À un mois des élections législatives et communales prévues le 31 mai 2026, les tensions s’accentuent entre la Direction Générale des Elections (DGE) et une partie de la classe politique. Dans une déclaration rendue publique, le Front démocratique de Guinée (FRONDEG) critique ouvertement la gestion du processus électoral, pointant des manquements susceptibles, selon lui, de fragiliser la crédibilité du scrutin.
Cette réaction intervient au lendemain d’une conférence de presse animée par la Directrice Générale de la DGE, Djenabou Touré. En réponse, le FRONDEG, par la voix de son Secrétaire Général Aboubacar Sidiki Kaba, a passé au crible les arguments avancés par l’institution électorale pour justifier ses décisions, notamment en ce qui concerne la validation des candidatures.
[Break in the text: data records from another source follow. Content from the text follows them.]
(* Let $G$ be a finite graph with $n$ vertices, each of degree at least $1$. Take $r=2$, $V=\mathbb{C}^2$, $B=I_2$, and the tensors $A_1^1=0$, $A_1^2=t$, and for $d\ge 2$: $A_d^{i_1\dots i_d}=x_1$ if $(i_1,\dots,i_d)$ is a permutation of $(1,1,2,\dots,2)$, $=t$ if $(i_1,\dots,i_d)=(2,\dots,2)$, and $0$ otherwise, with $x_1=1$ and $t=0$. Then $\mathcal{F}_{\mathcal{A},I_2}(G)$ equals the number of spanning cycles of $G$, i.e. of $2$-valent subgraphs of $G$ with $n$ edges.
   Context: $\mathcal{F}_{\mathcal{A},B}(G)=\sum_{c:H\to\{1,\dots,r\}}\prod_{\{h,h'\}\in E(G)}B_{c(h)c(h')}\prod_{k}A_{d_k}^{c(h_{k,1})\dots c(h_{k,d_k})}$, where $H$ is the set of half-edges of $G$ (two per edge, loops included) and $h_{k,1},\dots,h_{k,d_k}$ are the half-edges at vertex $v_k$ of degree $d_k$; i.e. a copy of $A_{d_k}$ is placed at each vertex and contracted along edges using $B$. A cycle of $G$ is a $2$-valent subgraph (every vertex in it has degree $2$ within it, loops counted twice), not necessarily connected; a spanning cycle is one with $n=|V(G)|$ edges. *)

theory Defs
  imports Complex_Main "HOL-Library.FuncSet" "HOL-Library.Product_Lexorder" "HOL-Library.Multiset"
begin

text \<open>A finite multigraph (loops and parallel edges allowed) with vertex set V,
edge set E and an endpoint map: edge e joins fst (ends e) and snd (ends e).
Half-edges are pairs (e, b), b :: bool; (e, False) sits at fst (ends e),
(e, True) sits at snd (ends e). A loop thus contributes two half-edges.\<close>

definition multigraph :: "'v set \<Rightarrow> 'e set \<Rightarrow> ('e \<Rightarrow> 'v \<times> 'v) \<Rightarrow> bool" where
  "multigraph V E ends \<longleftrightarrow> finite V \<and> finite E \<and>
     (\<forall>e\<in>E. fst (ends e) \<in> V \<and> snd (ends e) \<in> V)"

definition half_edges :: "'e set \<Rightarrow> ('e \<times> bool) set" where
  "half_edges E = E \<times> UNIV"

definition hvertex :: "('e \<Rightarrow> 'v \<times> 'v) \<Rightarrow> 'e \<times> bool \<Rightarrow> 'v" where
  "hvertex ends h = (if snd h then snd (ends (fst h)) else fst (ends (fst h)))"

definition half_edges_at :: "'e set \<Rightarrow> ('e \<Rightarrow> 'v \<times> 'v) \<Rightarrow> 'v \<Rightarrow> ('e \<times> bool) set" where
  "half_edges_at S ends v = {h \<in> half_edges S. hvertex ends h = v}"

text \<open>Degree of v within the edge set S (loops counted twice).\<close>
definition degree_in :: "'e set \<Rightarrow> ('e \<Rightarrow> 'v \<times> 'v) \<Rightarrow> 'v \<Rightarrow> nat" where
  "degree_in S ends v = card (half_edges_at S ends v)"

text \<open>The partition function F_{A,B}(G): colours are 1..r; A d is the tensor placed
at a vertex of degree d, read on the list of colours of the half-edges at the vertex
(listed in increasing order of half-edges); B is contracted along each edge.\<close>
definition partition_fun ::
  "nat \<Rightarrow> (nat \<Rightarrow> nat list \<Rightarrow> complex) \<Rightarrow> (nat \<Rightarrow> nat \<Rightarrow> complex) \<Rightarrow>
   'v set \<Rightarrow> 'e::linorder set \<Rightarrow> ('e \<Rightarrow> 'v \<times> 'v) \<Rightarrow> complex" where
  "partition_fun r A B V E ends =
     (\<Sum>c \<in> half_edges E \<rightarrow>\<^sub>E {1..r}.
        (\<Prod>e\<in>E. B (c (e, False)) (c (e, True))) *
        (\<Prod>v\<in>V. A (degree_in E ends v)
                   (map c (sorted_list_of_set (half_edges_at E ends v)))))"

definition A_cor :: "complex \<Rightarrow> complex \<Rightarrow> nat \<Rightarrow> nat list \<Rightarrow> complex" where
  "A_cor x1 t d is =
     (if d = 1 then (if is = [1] then 0 else if is = [2] then t else 0)
      else if 2 \<le> d \<and> length is = d \<and> mset is = mset (1 # 1 # replicate (d - 2) 2) then x1
      else if 2 \<le> d \<and> is = replicate d 2 then t
      else 0)"

definition B_id :: "nat \<Rightarrow> nat \<Rightarrow> complex" where
  "B_id i j = (if i = j then 1 else 0)"

text \<open>Spanning cycles: 2-valent subgraphs (given by their edge set; every vertex of the
subgraph has degree 2 in it, i.e. every vertex of G has degree 0 or 2 in it) with n = |V| edges.\<close>
definition spanning_cycles :: "'v set \<Rightarrow> 'e set \<Rightarrow> ('e \<Rightarrow> 'v \<times> 'v) \<Rightarrow> 'e set set" where
  "spanning_cycles V E ends =
     {S. S \<subseteq> E \<and> (\<forall>v\<in>V. degree_in S ends v = 0 \<or> degree_in S ends v = 2)
         \<and> card S = card V}"

end

theory Submission
  imports Defs
begin

text \<open>Since \<open>B = I\<^sub>2\<close>, only colourings that are constant on every edge contribute, and
these correspond to the sets \<open>S\<close> of edges coloured \<open>1\<close>. With \<open>x\<^sub>1 = 1\<close> and \<open>t = 0\<close>
the tensor at a vertex is \<open>1\<close> exactly when two of its half-edges have colour \<open>1\<close>, so
\<open>F(G)\<close> counts the edge sets \<open>S\<close> in which every vertex has degree \<open>2\<close>. By the
handshake lemma these are exactly the spanning cycles: \<open>S\<close> is \<open>2\<close>-regular on \<open>V\<close> iff
all degrees are \<open>0\<close> or \<open>2\<close> and \<open>2 |S| = 2 |V|\<close>.\<close>

lemma prod_of_bool_eq:
  "finite A \<Longrightarrow> (\<Prod>x\<in>A. of_bool (P x) :: 'a::comm_semiring_1) = of_bool (\<forall>x\<in>A. P x)"
  by (induction A rule: finite_induct) auto

lemma count_mset_map_sorted_list_of_set:
  "finite H \<Longrightarrow> count (mset (map c (sorted_list_of_set H))) a = card {h\<in>H. c h = a}"
proof -
  assume "finite H"
  have "count (mset (map c (sorted_list_of_set H))) a
      = length (filter (\<lambda>h. a = c h) (sorted_list_of_set H))"
    unfolding count_mset count_list_eq_length_filter filter_map length_map o_def ..
  also have "\<dots> = card {h\<in>H. c h = a}"
    using \<open>finite H\<close> by (simp add: distinct_length_filter Int_def conj_commute eq_commute)
  finally show ?thesis .
qed

lemma count_one_add_count_two:
  "set xs \<subseteq> {1, 2::nat} \<Longrightarrow> count (mset xs) 1 + count (mset xs) 2 = length xs"
  by (induction xs) auto

lemma mset_eq_two_ones_iff:
  assumes "set xs \<subseteq> {1, 2::nat}"
  shows "mset xs = mset (1 # 1 # replicate (length xs - 2) 2) \<longleftrightarrow> count (mset xs) 1 = 2"
proof
  assume "count (mset xs) 1 = 2"
  moreover from this have "count (mset xs) 2 = length xs - 2"
    using count_one_add_count_two[OF assms] by simp
  moreover have "count (mset xs) x = 0" if "x \<noteq> 1" "x \<noteq> 2" for x
    using assms that by (auto simp: count_mset_0_iff)
  ultimately show "mset xs = mset (1 # 1 # replicate (length xs - 2) 2)"
    by (intro multiset_eqI) auto
qed simp

text \<open>This also holds for \<open>xs = []\<close>, where \<open>A_cor\<close> is \<open>0\<close>.\<close>
lemma A_cor_1_0_eq:
  assumes "set xs \<subseteq> {1, 2::nat}"
  shows "A_cor 1 0 (length xs) xs = of_bool (count (mset xs) 1 = 2)"
proof (cases "length xs = 1")
  case True
  then obtain a where "xs = [a]" by (cases xs) auto
  then show ?thesis using assms by (auto simp: A_cor_def)
next
  case False
  have "count (mset xs) 1 \<le> length xs"
    using count_one_add_count_two[OF assms] by simp
  with False show ?thesis using mset_eq_two_ones_iff[OF assms] by (auto simp: A_cor_def)
qed

definition lift_colouring :: "'e set \<Rightarrow> ('e \<Rightarrow> nat) \<Rightarrow> 'e \<times> bool \<Rightarrow> nat" where
  "lift_colouring E k = (\<lambda>h\<in>half_edges E. k (fst h))"

lemma inj_on_lift_colouring: "inj_on (lift_colouring E) (E \<rightarrow>\<^sub>E C)"
proof
  fix k k' assume k: "k \<in> E \<rightarrow>\<^sub>E C" "k' \<in> E \<rightarrow>\<^sub>E C"
    and eq: "lift_colouring E k = lift_colouring E k'"
  show "k = k'"
  proof (rule PiE_ext[OF k])
    fix e assume "e \<in> E"
    then show "k e = k' e"
      using fun_cong[OF eq, of "(e, False)"] by (simp add: lift_colouring_def half_edges_def)
  qed
qed

lemma edge_constant_colouring_in_image:
  assumes "c \<in> half_edges E \<rightarrow>\<^sub>E C" and "\<forall>e\<in>E. c (e, False) = c (e, True)"
  shows "c \<in> lift_colouring E ` (E \<rightarrow>\<^sub>E C)"
proof
  show "(\<lambda>e\<in>E. c (e, False)) \<in> E \<rightarrow>\<^sub>E C"
    using assms(1) by (auto simp: half_edges_def)
  show "c = lift_colouring E (\<lambda>e\<in>E. c (e, False))"
  proof
    fix h :: "'a \<times> bool"
    obtain e b where h: "h = (e, b)" by (cases h)
    show "c h = lift_colouring E (\<lambda>e\<in>E. c (e, False)) h"
      using assms by (cases b) (auto simp: h lift_colouring_def half_edges_def PiE_def extensional_def)
  qed
qed

lemma sum_half_edge_colourings_B_id:
  assumes "finite E" and "finite C"
  shows "(\<Sum>c\<in>half_edges E \<rightarrow>\<^sub>E C. (\<Prod>e\<in>E. B_id (c (e, False)) (c (e, True))) * f c)
       = (\<Sum>k\<in>E \<rightarrow>\<^sub>E C. f (lift_colouring E k))"
proof -
  have finite_colourings: "finite (half_edges E \<rightarrow>\<^sub>E C)"
    using assms by (intro finite_PiE) (auto simp: half_edges_def)
  have lift_into: "lift_colouring E ` (E \<rightarrow>\<^sub>E C) \<subseteq> half_edges E \<rightarrow>\<^sub>E C"
    by (auto simp: lift_colouring_def half_edges_def)
  have B_id_lift: "(\<Prod>e\<in>E. B_id (lift_colouring E k (e, False)) (lift_colouring E k (e, True))) = 1"
    for k by (intro prod.neutral) (simp add: B_id_def lift_colouring_def half_edges_def)
  have B_id_vanishes: "(\<Prod>e\<in>E. B_id (c (e, False)) (c (e, True))) = 0"
    if "c \<in> (half_edges E \<rightarrow>\<^sub>E C) - lift_colouring E ` (E \<rightarrow>\<^sub>E C)" for c
    using that edge_constant_colouring_in_image[of c E C] assms
    by (auto intro!: prod_zero simp: B_id_def)
  have "(\<Sum>c\<in>half_edges E \<rightarrow>\<^sub>E C. (\<Prod>e\<in>E. B_id (c (e, False)) (c (e, True))) * f c)
      = (\<Sum>c\<in>lift_colouring E ` (E \<rightarrow>\<^sub>E C). (\<Prod>e\<in>E. B_id (c (e, False)) (c (e, True))) * f c)"
    by (rule sum.mono_neutral_right[OF finite_colourings lift_into]) (simp add: B_id_vanishes)
  also have "\<dots> = (\<Sum>k\<in>E \<rightarrow>\<^sub>E C. f (lift_colouring E k))"
    by (simp add: sum.reindex[OF inj_on_lift_colouring] B_id_lift)
  finally show ?thesis .
qed

definition colouring_of :: "'e set \<Rightarrow> 'e set \<Rightarrow> 'e \<Rightarrow> nat" where
  "colouring_of E S = (\<lambda>e\<in>E. if e \<in> S then 1 else 2)"

lemma bij_betw_colouring_of: "bij_betw (colouring_of E) (Pow E) (E \<rightarrow>\<^sub>E {1..2})"
proof (rule bij_betw_byWitness[where f' = "\<lambda>k. {e\<in>E. k e = 1}"])
  show "\<forall>k\<in>E \<rightarrow>\<^sub>E {1..2}. colouring_of E {e\<in>E. k e = 1} = k"
    by (fastforce simp: colouring_of_def PiE_def Pi_iff extensional_def)
qed (auto simp: colouring_of_def)

lemma count_colour_one_at:
  assumes "finite E" and "S \<subseteq> E"
  shows "count (mset (map (lift_colouring E (colouring_of E S))
            (sorted_list_of_set (half_edges_at E ends v)))) 1 = degree_in S ends v"
proof -
  have "{h \<in> half_edges_at E ends v. lift_colouring E (colouring_of E S) h = 1}
      = half_edges_at S ends v"
    using assms(2) by (auto simp: half_edges_at_def half_edges_def lift_colouring_def colouring_of_def)
  moreover have "finite (half_edges_at E ends v)"
    using assms(1) by (simp add: half_edges_at_def half_edges_def)
  ultimately show ?thesis by (simp only: count_mset_map_sorted_list_of_set degree_in_def)
qed

lemma A_cor_at_colouring_of:
  assumes "finite E" and "S \<subseteq> E"
  shows "A_cor 1 0 (degree_in E ends v)
      (map (lift_colouring E (colouring_of E S)) (sorted_list_of_set (half_edges_at E ends v)))
    = of_bool (degree_in S ends v = 2)"
proof -
  let ?xs = "map (lift_colouring E (colouring_of E S)) (sorted_list_of_set (half_edges_at E ends v))"
  have "finite (half_edges_at E ends v)"
    using assms(1) by (simp add: half_edges_at_def half_edges_def)
  then have "length ?xs = degree_in E ends v" "set ?xs \<subseteq> {1, 2}"
    by (auto simp: degree_in_def lift_colouring_def colouring_of_def half_edges_at_def half_edges_def)
  then show ?thesis
    using A_cor_1_0_eq[of ?xs] count_colour_one_at[OF assms, of ends v] by metis
qed

lemma handshake:
  assumes "multigraph V E ends" and "S \<subseteq> E"
  shows "(\<Sum>v\<in>V. degree_in S ends v) = 2 * card S"
proof -
  have "finite V" "finite S"
    using assms finite_subset unfolding multigraph_def by auto
  have "half_edges S = (\<Union>v\<in>V. half_edges_at S ends v)"
    using assms unfolding multigraph_def half_edges_at_def half_edges_def hvertex_def
    by (auto; metis subsetD)
  then have "card (half_edges S) = (\<Sum>v\<in>V. card (half_edges_at S ends v))"
    using \<open>finite V\<close> \<open>finite S\<close>
    by (simp only:) (rule card_UN_disjoint; auto simp: half_edges_at_def half_edges_def)
  then show ?thesis
    using \<open>finite S\<close> by (simp add: degree_in_def half_edges_def card_cartesian_product)
qed

lemma spanning_cycles_eq_two_regular:
  assumes "multigraph V E ends"
  shows "spanning_cycles V E ends = {S\<in>Pow E. \<forall>v\<in>V. degree_in S ends v = 2}"
proof (intro set_eqI iffI)
  fix S assume "S \<in> {S\<in>Pow E. \<forall>v\<in>V. degree_in S ends v = 2}"
  then show "S \<in> spanning_cycles V E ends"
    using handshake[OF assms, of S] by (simp add: spanning_cycles_def)
next
  fix S assume "S \<in> spanning_cycles V E ends"
  then have S: "S \<subseteq> E" "\<forall>v\<in>V. degree_in S ends v \<le> 2" "card S = card V"
    by (auto simp: spanning_cycles_def)
  have "finite V" using assms by (simp add: multigraph_def)
  have "(\<Sum>v\<in>V. 2 - degree_in S ends v) = (\<Sum>v\<in>V. 2) - (\<Sum>v\<in>V. degree_in S ends v)"
    using S(2) by (intro sum_subtractf_nat) auto
  also have "\<dots> = 0" using handshake[OF assms S(1)] S(3) by simp
  finally have "\<forall>v\<in>V. degree_in S ends v = 2"
    using \<open>finite V\<close> S(2) by (metis diff_is_0_eq le_antisym sum_eq_0_iff)
  with S(1) show "S \<in> {S\<in>Pow E. \<forall>v\<in>V. degree_in S ends v = 2}" by simp
qed

theorem corollary2:
  fixes V :: "'v set" and E :: "'e::linorder set" and ends :: "'e \<Rightarrow> 'v \<times> 'v"
  assumes "multigraph V E ends"
    and "\<forall>v\<in>V. degree_in E ends v \<ge> 1"
  shows "partition_fun 2 (A_cor 1 0) B_id V E ends = of_nat (card (spanning_cycles V E ends))"
proof -
  have "finite V" "finite E" using assms(1) by (auto simp: multigraph_def)
  let ?colours_at = "\<lambda>c v. map c (sorted_list_of_set (half_edges_at E ends v))"
  have "partition_fun 2 (A_cor 1 0) B_id V E ends
      = (\<Sum>k\<in>E \<rightarrow>\<^sub>E {1..2}. \<Prod>v\<in>V. A_cor 1 0 (degree_in E ends v) (?colours_at (lift_colouring E k) v))"
    by (simp add: partition_fun_def sum_half_edge_colourings_B_id[OF \<open>finite E\<close> finite_atLeastAtMost])
  also have "\<dots> = (\<Sum>S\<in>Pow E. \<Prod>v\<in>V.
      A_cor 1 0 (degree_in E ends v) (?colours_at (lift_colouring E (colouring_of E S)) v))"
    by (rule sum.reindex_bij_betw[OF bij_betw_colouring_of, symmetric])
  also have "\<dots> = (\<Sum>S\<in>Pow E. \<Prod>v\<in>V. of_bool (degree_in S ends v = 2))"
    by (rule sum.cong[OF refl], rule prod.cong[OF refl]) (simp add: A_cor_at_colouring_of \<open>finite E\<close>)
  also have "\<dots> = of_nat (card (Pow E \<inter> {S. \<forall>v\<in>V. degree_in S ends v = 2}))"
    using \<open>finite E\<close> by (simp add: prod_of_bool_eq[OF \<open>finite V\<close>] sum_of_bool_eq)
  also have "\<dots> = of_nat (card (spanning_cycles V E ends))"
    by (simp add: spanning_cycles_eq_two_regular[OF assms(1)] Int_def)
  finally show ?thesis .
qed

end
Au cœur des critiques : la fixation des cautions électorales. Le FRONDEG accuse la DGE de ne pas avoir respecté les dispositions légales encadrant ce mécanisme. La coalition s’appuie notamment sur les propos de la directrice générale, qui a évoqué des difficultés techniques ayant empêché la mise en place de la commission financière dédiée.
Pour le mouvement, l’absence de cette commission constitue une entorse au cadre légal. Il rappelle que cet organe est censé garantir l’équité entre les différents acteurs politiques engagés dans la compétition électorale. Cette question demeure l’un des principaux points de friction entre l’administration électorale et les partis.
Le FRONDEG exprime également des réserves quant à la gestion de certains dossiers jugés sensibles. Il évoque notamment le cas du président du Conseil national de la transition (CNT), désormais candidat, dont la démission suscite des interrogations.
La coalition estime que cette procédure aurait dû faire l’objet d’une communication plus transparente afin d’éviter toute suspicion d’interprétation partiale des règles en vigueur.
Autre sujet de discorde : l’interprétation du récépissé de dépôt des candidatures. La DGE considère ce document comme le point de départ des délais de recours. Une position que conteste le FRONDEG, qui estime qu’un récépissé ne peut se substituer à une notification administrative formelle.
Selon la coalition, cette divergence pourrait restreindre le droit de recours de certains candidats, en brouillant les repères juridiques nécessaires à l’exercice de ce droit fondamental.
Au-delà des aspects techniques et juridiques, le ton adopté par la DGE lors de sa dernière sortie médiatique est également pointé du doigt. Le FRONDEG dénonce une communication jugée peu apaisante dans un contexte déjà tendu.
Le mouvement appelle l’administration électorale à privilégier le dialogue et à adopter une posture plus inclusive afin de restaurer la confiance autour du processus.
Cette nouvelle prise de position illustre les crispations croissantes à l’approche des élections du 31 mai. Tandis que la DGE affirme agir dans le strict respect des textes, plusieurs formations politiques continuent de dénoncer des irrégularités.
À quelques semaines du vote, le climat politique et juridique apparaît de plus en plus tendu, laissant planer des incertitudes sur le bon déroulement du scrutin.